Trump hints he may split from GOP — dooming their 2024 election chances
Donald Trump (Photo via AFP)
Former President Donald Trump has shared an article suggesting that he should run as a third-party candidate if the Republican Party doesn’t choose him as its nominee for the 2024 presidential election.

Trump shared the article, entitled “The Coming Split,” on his Truth Social page. The article asked, “What should we do when a majority of Republicans want Trump, but the Republican Party says we can’t have him?”

“The Republican machine has no intention of letting us choose Trump again,” the article stated. “He is not a uniparty team player. They’d rather lose an election to the Democrats, their brothers in crime, than win with Trump.”

The article said that Florida Gov. Ron DeSantis is likely to win the Republican presidential nomination, but it refers to DeSantis’ likely nomination as a “fake non-choice among candidates who are pre-selected for us.”

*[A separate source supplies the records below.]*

lemma transmitted_estimate_measurable:
  assumes z: "z \<in> measurable G (count_space UNIV)"
    and x: "\<And>i. (\<lambda>\<omega>. x \<omega> i) \<in> borel_measurable G" and u: "\<And>i. (\<lambda>\<omega>. u \<omega> i) \<in> borel_measurable G"
  shows "(\<lambda>\<omega>. transmitted_estimate A B k (z \<omega>) (x \<omega>) (u \<omega>)) \<in> borel_measurable G"
proof (rule measurable_compose_countable[where f="\<lambda>a \<omega>. transmitted_estimate A B k a (x \<omega>) (u \<omega>)", OF _ z])
  note [measurable] = x u
  show "(\<lambda>\<omega>. transmitted_estimate A B k a (x \<omega>) (u \<omega>)) \<in> borel_measurable G" for a
    unfolding transmitted_estimate_def by measurable
qed

lemma transmission_decision_measurable:
  fixes V :: "'w \<Rightarrow> real"
  assumes T: "\<And>j. Tau j \<in> measurable G (count_space UNIV)" and h: "hist_measurable G h"
    and V: "V \<in> borel_measurable G" and p: "p \<in> borel_measurable info_space"
  shows "(\<lambda>\<omega>. V \<omega> < p (info_of (\<lambda>k. Tau k \<omega>) (h \<omega>) n)) \<in> measurable G (count_space UNIV)"
proof -
  have "(\<lambda>\<omega>. p (info_of (\<lambda>k. Tau k \<omega>) (h \<omega>) n)) \<in> borel_measurable G"
    by (rule measurable_compose[OF info_of_measurable[OF T h] p])
  then have "{\<omega> \<in> space G. V \<omega> < p (info_of (\<lambda>k. Tau k \<omega>) (h \<omega>) n)} \<in> sets G"
    by (rule borel_measurable_less[OF V])
  then show ?thesis by (simp add: Measurable.pred_def)
qed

“Do I think Trump can win as a third-party candidate? No. Would I vote for him as a third-party candidate? Yes,” the article stated. “Because I’m not interested in propping up this corrupt gravy-train any longer.”

It’s estimated that Trump commands at least 20 to 30 percent of the Republican voting base. If he split the Republican vote in a general election, it would all but guarantee a Democratic victory, something that the article’s writer acknowledged.

However, the article praises Trump as an “American” president rather than a “Republican” one, and says he, unlike other past presidents, delivered on his campaign promises.

Trump’s announcement of his third presidential campaign in November 2022 was met with little fanfare. Numerous Republican leaders hinted that they would prefer another candidate rather than Trump, who has continually claimed (without evidence) that an unprecedented nationwide conspiracy of voter fraud “stole” the 2020 election from him.

Other Republicans noted that the candidates endorsed by Trump in the 2022 midterm elections largely failed, helping dry up the expected Republican “red wave” to overtake the U.S. Congress. Instead, Democrats now narrowly control the Senate while Republicans rule the House with a slim margin.

Trump also hinted in 2015 that he could run as a third-party candidate if he didn’t become the GOP’s presidential nominee.